How do you telegraph high-tech badassery and super secret agent prowess in a pre-smart phones era? Lots of beeping and whirring to compliment Christina Milian’s vocals, that’s how. One minute, she has a low, intense voice, before launching into a powerful note to symbolize KP’s effortless heroism. The lyrics are a bit simple, as it is, well, a theme. Kim, canonically, got her start advertising herself on a website, proclaiming, “she can do anything!”, with the spy stuff that came along by accident. But what’s important to note is while the song focuses on all the awesomely cool action moves she can pull off, the core of the song is her personal investment to help, save, and rescue anyone, anytime, anywhere. She will help you, no questions asked. That’s a fundamental aspect of her character.

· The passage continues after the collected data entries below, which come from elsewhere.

text \<open>On 2x2 matrices det is a quadratic form, so its differential at X is the polarisation
  x \<mapsto> det (X + x) - det X - det x.\<close>
definition FK2_differential :: "pt \<Rightarrow> pt \<Rightarrow> complex \<times> complex \<times> (complex^2^2)" where
  "FK2_differential r v =
     (det (fst r + fst v) - det (fst r) - det (fst v),
      det (snd r + snd v) - det (snd r) - det (snd v),
      fst v ** snd r ** fst r + fst r ** snd v ** fst r + fst r ** snd r ** fst v - snd v)"

lemma has_derivative_FK2: "(FK2 has_derivative FK2_differential r) (at r)"
proof -
  have "((\<lambda>p::pt. det (fst p) - 1) has_derivative
      (\<lambda>v. det (fst r + fst v) - det (fst r) - det (fst v))) (at r)"
    unfolding det_2 by (rule has_derivative_eq_rhs, (rule derivative_intros)+) (auto simp: algebra_simps)
  moreover have "((\<lambda>p::pt. det (snd p) - 1) has_derivative
      (\<lambda>v. det (snd r + snd v) - det (snd r) - det (snd v))) (at r)"
    unfolding det_2 by (rule has_derivative_eq_rhs, (rule derivative_intros)+) (auto simp: algebra_simps)
  moreover have "((\<lambda>p::pt. fst p ** snd p ** fst p - snd p) has_derivative
      (\<lambda>v. fst v ** snd r ** fst r + fst r ** snd v ** fst r + fst r ** snd r ** fst v - snd v)) (at r)"
    by (rule has_derivative_matrix_entrywise,
        simp only: vector_minus_component vector_add_component matrix_matrix_mult_nth2)
      (rule has_derivative_eq_rhs, (rule derivative_intros)+, simp add: algebra_simps)
  ultimately show ?thesis
    unfolding FK2_def FK2_differential_def by (intro has_derivative_Pair) auto
qed

lemma zariski_tangent_eq: "zariski_tangent r = {v. FK2_differential r v = 0}"
  unfolding zariski_tangent_def using frechet_derivative_at[OF has_derivative_FK2] by simp

lemma FK2_differential_conj_rep:
  assumes "P ** Q = mat 1" "Q ** P = mat 1"
  shows "FK2_differential (conj_rep P Q r) (conj_rep P Q v) =
    (fst (FK2_differential r v), fst (snd (FK2_differential r v)),
     P ** snd (snd (FK2_differential r v)) ** Q)"
proof -
  have QP: "Q ** (P ** Z) = Z" for Z :: "complex^2^2"
    by (simp add: matrix_mul_assoc assms(2))
  have triple: "P ** X ** Q ** (P ** Y ** Q) ** (P ** Z ** Q) = P ** (X ** Y ** Z) ** Q"
    for X Y Z :: "complex^2^2"
    by (simp add: QP flip: matrix_mul_assoc)
  have add: "P ** X ** Q + P ** Y ** Q = P ** (X + Y) ** Q" for X Y :: "complex^2^2"
    by (simp add: matrix_add_ldistrib matrix_add_rdistrib)
  have diff: "P ** X ** Q - P ** Y ** Q = P ** (X - Y) ** Q" for X Y :: "complex^2^2"
    by (simp add: matrix_diff_ldistrib matrix_diff_rdistrib)
  show ?thesis
    unfolding FK2_differential_def conj_rep_def fst_conv snd_conv
    by (simp only: triple add diff det_conj[OF assms(1)])
qed

lemma zariski_tangent_conj_rep:
  assumes "P ** Q = mat 1" "Q ** P = mat 1"
  shows "zariski_tangent (conj_rep P Q r) = conj_rep P Q ` zariski_tangent r"
proof -
  have cancel: "X = 0" if "P ** X ** Q = 0" for X :: "complex^2^2"
  proof -
    have "X = (Q ** P) ** X ** (Q ** P)" by (simp add: assms(2))
    also have "\<dots> = Q ** (P ** X ** Q) ** P" by (simp add: matrix_mul_assoc)
    finally show "X = 0" using that by simp
  qed
  have iff: "v \<in> zariski_tangent (conj_rep P Q r) \<longleftrightarrow> conj_rep Q P v \<in> zariski_tangent r" for v
  proof -
    have "FK2_differential (conj_rep P Q r) v =
        FK2_differential (conj_rep P Q r) (conj_rep P Q (conj_rep Q P v))"
      by (simp only: conj_rep_conj_rep[OF assms(1)])
    then show ?thesis
      using FK2_differential_conj_rep[OF assms, of r "conj_rep Q P v"] cancel
      by (simp add: zariski_tangent_eq prod_eq_iff) (metis times0_left times0_right)
  qed
  show ?thesis
  proof (intro equalityI subsetI)
    fix v assume "v \<in> zariski_tangent (conj_rep P Q r)"
    then show "v \<in> conj_rep P Q ` zariski_tangent r"
      using iff conj_rep_conj_rep[OF assms(1)] by (metis image_eqI)
  next
    fix v assume "v \<in> conj_rep P Q ` zariski_tangent r"
    then show "v \<in> zariski_tangent (conj_rep P Q r)"
      using iff conj_rep_conj_rep[OF assms(2)] by auto
  qed
qed

lemma cdim_zariski_tangent_conj_rep:
  assumes "P ** Q = mat 1" "Q ** P = mat 1"
  shows "cdim (zariski_tangent (conj_rep P Q r)) = cdim (zariski_tangent r)"
proof -
  have "inj (conj_rep P Q)"
    using conj_rep_conj_rep[OF assms(2)] by (metis injI)
  then show ?thesis
    unfolding zariski_tangent_conj_rep[OF assms]
    using cdim_linear_image[OF linear_conj_rep] by (metis inj_on_subset subset_UNIV)
qed
lemma smult_alg_eq_lookup_times:
  fixes f g :: "'a::monoid_add \<Rightarrow> 'k::comm_ring_1"
  assumes "finite (sg_supp f)" "finite (sg_supp g)"
  shows "smult_alg f g = poly_mapping.lookup (Abs_poly_mapping f * Abs_poly_mapping g)"
proof
  fix x
  have fin: "finite {a. f a \<noteq> 0}" "finite {a. g a \<noteq> 0}"
    using assms by (simp_all add: sg_supp_def)
  have "poly_mapping.lookup (Abs_poly_mapping f * Abs_poly_mapping g) x = prod_fun f g x"
    using fin by (simp add: lookup_mult prod_fun_def)
  also have "\<dots> = (\<Sum>(a, b). f a * g b when x = a + b)"
    using fin by (rule prod_fun_unfold_prod)
  also have "\<dots> = (\<Sum>p\<in>sg_supp f \<times> sg_supp g. case p of (a, b) \<Rightarrow> f a * g b when x = a + b)"
    by (rule Sum_any.expand_superset) (use assms in \<open>auto simp: sg_supp_def\<close>)
  also have "\<dots> = smult_alg f g x"
    using assms by (simp add: smult_alg_def sum.inter_filter when_def case_prod_beta eq_commute)
  finally show "smult_alg f g x = poly_mapping.lookup (Abs_poly_mapping f * Abs_poly_mapping g) x" ..
qed

lemma finite_sg_supp_lookup [simp]: "finite (sg_supp (poly_mapping.lookup p))"
  by (simp add: sg_supp_def)

lemma smult_alg_in_salg_UNIV:
  fixes f g :: "'a::monoid_add \<Rightarrow> 'k::comm_ring_1"
  shows "f \<in> salg UNIV \<Longrightarrow> g \<in> salg UNIV \<Longrightarrow> smult_alg f g \<in> salg UNIV"
  by (simp add: salg_UNIV_iff smult_alg_eq_lookup_times)

lemma smult_alg_assoc:
  fixes f g h :: "'a::monoid_add \<Rightarrow> 'k::comm_ring_1"
  assumes "f \<in> salg UNIV" "g \<in> salg UNIV" "h \<in> salg UNIV"
  shows "smult_alg (smult_alg f g) h = smult_alg f (smult_alg g h)"
  using assms by (simp add: salg_UNIV_iff smult_alg_eq_lookup_times mult.assoc)

lemma smult_alg_commute:
  fixes f g :: "'a::comm_monoid_add \<Rightarrow> 'k::comm_ring_1"
  assumes "f \<in> salg UNIV" "g \<in> salg UNIV"
  shows "smult_alg f g = smult_alg g f"
  using assms by (simp add: salg_UNIV_iff smult_alg_eq_lookup_times mult.commute)

lemma sum_eq_lookup_sum:
  assumes "\<forall>i\<in>A. u i \<in> salg UNIV"
  shows "(\<lambda>x. \<Sum>i\<in>A. u i x) = poly_mapping.lookup (\<Sum>i\<in>A. Abs_poly_mapping (u i))"
  using assms by (auto simp: salg_UNIV_iff lookup_sum fun_eq_iff sg_supp_def)

lemma sum_in_salg_UNIV: "\<forall>i\<in>A. u i \<in> salg UNIV \<Longrightarrow> (\<lambda>x. \<Sum>i\<in>A. u i x) \<in> salg UNIV"
  by (simp add: salg_UNIV_iff sum_eq_lookup_sum)

lemma smult_alg_sum_right:
  fixes r :: "'a::monoid_add \<Rightarrow> 'k::comm_ring_1"
  assumes "r \<in> salg UNIV" "\<forall>i\<in>A. u i \<in> salg UNIV"
  shows "smult_alg r (\<lambda>x. \<Sum>i\<in>A. u i x) = (\<lambda>x. \<Sum>i\<in>A. smult_alg r (u i) x)"
proof -
  have "smult_alg r (\<lambda>x. \<Sum>i\<in>A. u i x)
      = poly_mapping.lookup (Abs_poly_mapping r * (\<Sum>i\<in>A. Abs_poly_mapping (u i)))"
    using assms by (simp add: salg_UNIV_iff sum_eq_lookup_sum smult_alg_eq_lookup_times)
  also have "\<dots> = poly_mapping.lookup (\<Sum>i\<in>A. Abs_poly_mapping r * Abs_poly_mapping (u i))"
    by (simp add: sum_distrib_left)
  also have "\<dots> = (\<lambda>x. \<Sum>i\<in>A. smult_alg r (u i) x)"
    using assms by (simp add: salg_UNIV_iff lookup_sum smult_alg_eq_lookup_times fun_eq_iff)
  finally show ?thesis .
qed

lemma sg_supp_smult_alg: "sg_supp (smult_alg f g) \<subseteq> {a + b |a b. a \<in> sg_supp f \<and> b \<in> sg_supp g}"
proof
  fix x assume "x \<in> sg_supp (smult_alg f g)"
  then have "smult_alg f g x \<noteq> 0" by (simp add: sg_supp_def)
  then have "{p \<in> sg_supp f \<times> sg_supp g. fst p + snd p = x} \<noteq> {}"
    unfolding smult_alg_def by (metis sum.empty)
  then show "x \<in> {a + b |a b. a \<in> sg_supp f \<and> b \<in> sg_supp g}" by force
qed

lemma smult_alg_in_salg:
  fixes f g :: "'a::monoid_add \<Rightarrow> 'k::comm_ring_1"
  assumes "\<And>a b. a \<in> S \<Longrightarrow> b \<in> S \<Longrightarrow> a + b \<in> S"
    and "f \<in> salg S" "g \<in> salg S"
  shows "smult_alg f g \<in> salg S"
proof -
  have "smult_alg f g \<in> salg UNIV"
    using assms salg_subset_salg_UNIV by (blast intro: smult_alg_in_salg_UNIV)
  moreover have "sg_supp (smult_alg f g) \<subseteq> S"
    using sg_supp_smult_alg[of f g] assms by (fastforce simp: salg_def)
  ultimately show ?thesis by (simp add: salg_def)
qed

lemma smult_alg_single_left:
  fixes g :: "'a::ab_group_add \<Rightarrow> 'k::comm_ring_1"
  assumes "g \<in> salg UNIV"
  shows "smult_alg (\<lambda>x. if x = a then 1 else 0) g = (\<lambda>x. g (x - a))"
proof
  fix x
  have "smult_alg (\<lambda>x. if x = a then 1 else 0) g x =
      (\<Sum>p\<in>{p\<in>{a} \<times> insert (x - a) (sg_supp g). fst p + snd p = x}.
         (if fst p = a then 1 else 0) * g (snd p))"
    by (rule smult_alg_eq_sum_superset) (use assms in \<open>auto simp: salg_UNIV_iff sg_supp_def\<close>)
  also have "{p\<in>{a} \<times> insert (x - a) (sg_supp g). fst p + snd p = x} = {(a, x - a)}"
    by (auto simp: algebra_simps)
  finally show "smult_alg (\<lambda>x. if x = a then 1 else 0) g x = g (x - a)" by simp
qed

section \<open>Generated ideals\<close>

lemma smult_alg_sum_mem_sg_ideal_gen:
  assumes "finite A" "\<forall>i\<in>A. h i \<in> salg S \<and> g i \<in> G"
  shows "(\<lambda>x. \<Sum>i\<in>A. smult_alg (h i) (g i) x) \<in> sg_ideal_gen S G"
proof -
  obtain b where b: "bij_betw b {..<card A} A"
    using ex_bij_betw_nat_finite[OF assms(1)] by (auto simp: atLeast0LessThan)
  have "(\<lambda>x. \<Sum>i\<in>A. smult_alg (h i) (g i) x) = (\<lambda>x. \<Sum>j<card A. smult_alg (h (b j)) (g (b j)) x)"
    by (simp add: sum.reindex_bij_betw[OF b, symmetric])
  moreover have "\<forall>j<card A. (h \<circ> b) j \<in> salg S \<and> (g \<circ> b) j \<in> G"
    using b assms(2) by (auto simp: bij_betw_def)
  ultimately show ?thesis
    unfolding sg_ideal_gen_def by (intro CollectI exI[of _ "card A"] exI[of _ "h \<circ> b"] exI[of _ "g \<circ> b"]) simp
qed

lemma zero_mem_sg_ideal_gen: "(\<lambda>x. 0) \<in> sg_ideal_gen S G"
  using smult_alg_sum_mem_sg_ideal_gen[of "{}" _ S _ G] by simp

lemma smult_alg_mem_sg_ideal_gen: "h \<in> salg S \<Longrightarrow> g \<in> G \<Longrightarrow> smult_alg h g \<in> sg_ideal_gen S G"
  using smult_alg_sum_mem_sg_ideal_gen[of "{()}" "\<lambda>_. h" S "\<lambda>_. g" G] by simp

lemma add_mem_sg_ideal_gen:
  assumes "a \<in> sg_ideal_gen S G" "b \<in> sg_ideal_gen S G"
  shows "(\<lambda>x. a x + b x) \<in> sg_ideal_gen S G"
proof -
  obtain m h g where a: "a = (\<lambda>x. \<Sum>i<(m::nat). smult_alg (h i) (g i) x)"
    and hg: "\<forall>i<m. h i \<in> salg S \<and> g i \<in> G"
    using assms(1) unfolding sg_ideal_gen_def by blast
  obtain m' h' g' where b: "b = (\<lambda>x. \<Sum>i<(m'::nat). smult_alg (h' i) (g' i) x)"
    and hg': "\<forall>i<m'. h' i \<in> salg S \<and> g' i \<in> G"
    using assms(2) unfolding sg_ideal_gen_def by blast
  have "(\<lambda>x. a x + b x)
      = (\<lambda>x. \<Sum>i\<in>{..<m} <+> {..<m'}. smult_alg (case_sum h h' i) (case_sum g g' i) x)"
    unfolding a b by (simp add: sum.Plus comp_def)
  also have "\<dots> \<in> sg_ideal_gen S G"
    by (rule smult_alg_sum_mem_sg_ideal_gen) (use hg hg' in auto)
  finally show ?thesis .
qed

lemma sum_mem_sg_ideal_gen:
  "finite A \<Longrightarrow> \<forall>i\<in>A. a i \<in> sg_ideal_gen S G \<Longrightarrow> (\<lambda>x. \<Sum>i\<in>A. a i x) \<in> sg_ideal_gen S G"
  by (induction A rule: finite_induct) (auto intro: add_mem_sg_ideal_gen zero_mem_sg_ideal_gen)

lemma sg_ideal_gen_subset_salg_UNIV:
  fixes G :: "('a::monoid_add \<Rightarrow> 'k::comm_ring_1) set"
  assumes "G \<subseteq> salg UNIV"
  shows "sg_ideal_gen S G \<subseteq> salg UNIV"
proof
  fix a assume "a \<in> sg_ideal_gen S G"
  then obtain m h g where a: "a = (\<lambda>x. \<Sum>i<(m::nat). smult_alg (h i) (g i) x)"
    and hg: "\<forall>i<m. h i \<in> salg S \<and> g i \<in> G"
    unfolding sg_ideal_gen_def by blast
  have "\<forall>i<m. smult_alg (h i) (g i) \<in> salg UNIV"
    using hg assms salg_subset_salg_UNIV by (blast intro: smult_alg_in_salg_UNIV)
  then show "a \<in> salg UNIV" unfolding a by (intro sum_in_salg_UNIV) simp
qed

9. TaleSpin (TaleSpin, 1990 – 1991)

Spin it, let’s begin it, bear and grin it, when you’re in it, you can win it in a minute when you spin it, spin it, spin it!

This show had a 1930’s aesthetic, but it was still based on a 1967 movie that took place in the jungle. As such, the theme song of TaleSpin incorporated a lively percussion-infused beat.

The lyrics are relatively nondescript, just are about how much fun it is to get in trouble with friends. The theme definitely highlighted the action side of the show, with guns, cutlasses, claws, lightning, etc. meanwhile our protagonist downs Don Karnage by tossing a pineapple in his propellor. It’s danger, sure…but it’s the fun kind of danger.

Arguably the best part is the last verse, a tongue-twister that is ridiculously fun.

8. Chip n’ Dale Rescue Rangers (Chip n’ Dale Rescue Rangers, 1988 – 1990)

No no, it never fails, they’ll take the clues, and find the wheres, the whys, and whos!

This song starts with a tone of ominous danger, warning, even. It sets up the idea that the crime-ridden streets are filled with scum and villainy that often elude the law. However, when that happens, a team of tiny crime stoppers are there to put a stop to it. In the show, there were few truly great crimes that occurred, and many were simple mysteries and problems. Still, the theme injects some great energy to get you psyched to see two chipmunks, two mice, and a fly solve crimes.

Like a lot of the classic themes, the lyrics are filled with vague descriptors like “never fails”, “no case too big, no case too small”, “Whatever’s wrong gets solved”, and “the chips are never down”. Still, you hardly doubt the team are going to be there to help.

7. Zorro (Zorro, 1957 – 1959)

He is polite, but the wicked take flight, when they catch the sight of Zorro! He’s friend of the weak, and the poor and the meek, this very unique señor Zorro!

The mid-twentieth century was known as the silver age for comic books. This was the era of goofy, campy, silly superheroes. Even Earth’s finest were not immune to this, as Superman had the temporary superpower of shooting mini-Supermen out his fingers and Batman had a zebra-stripe costume. And Batman was turned into Bat-baby. It’s funny to think that the figure who inspired Batman in the same time period would actually be the more mature, darker hero…produced by Disney.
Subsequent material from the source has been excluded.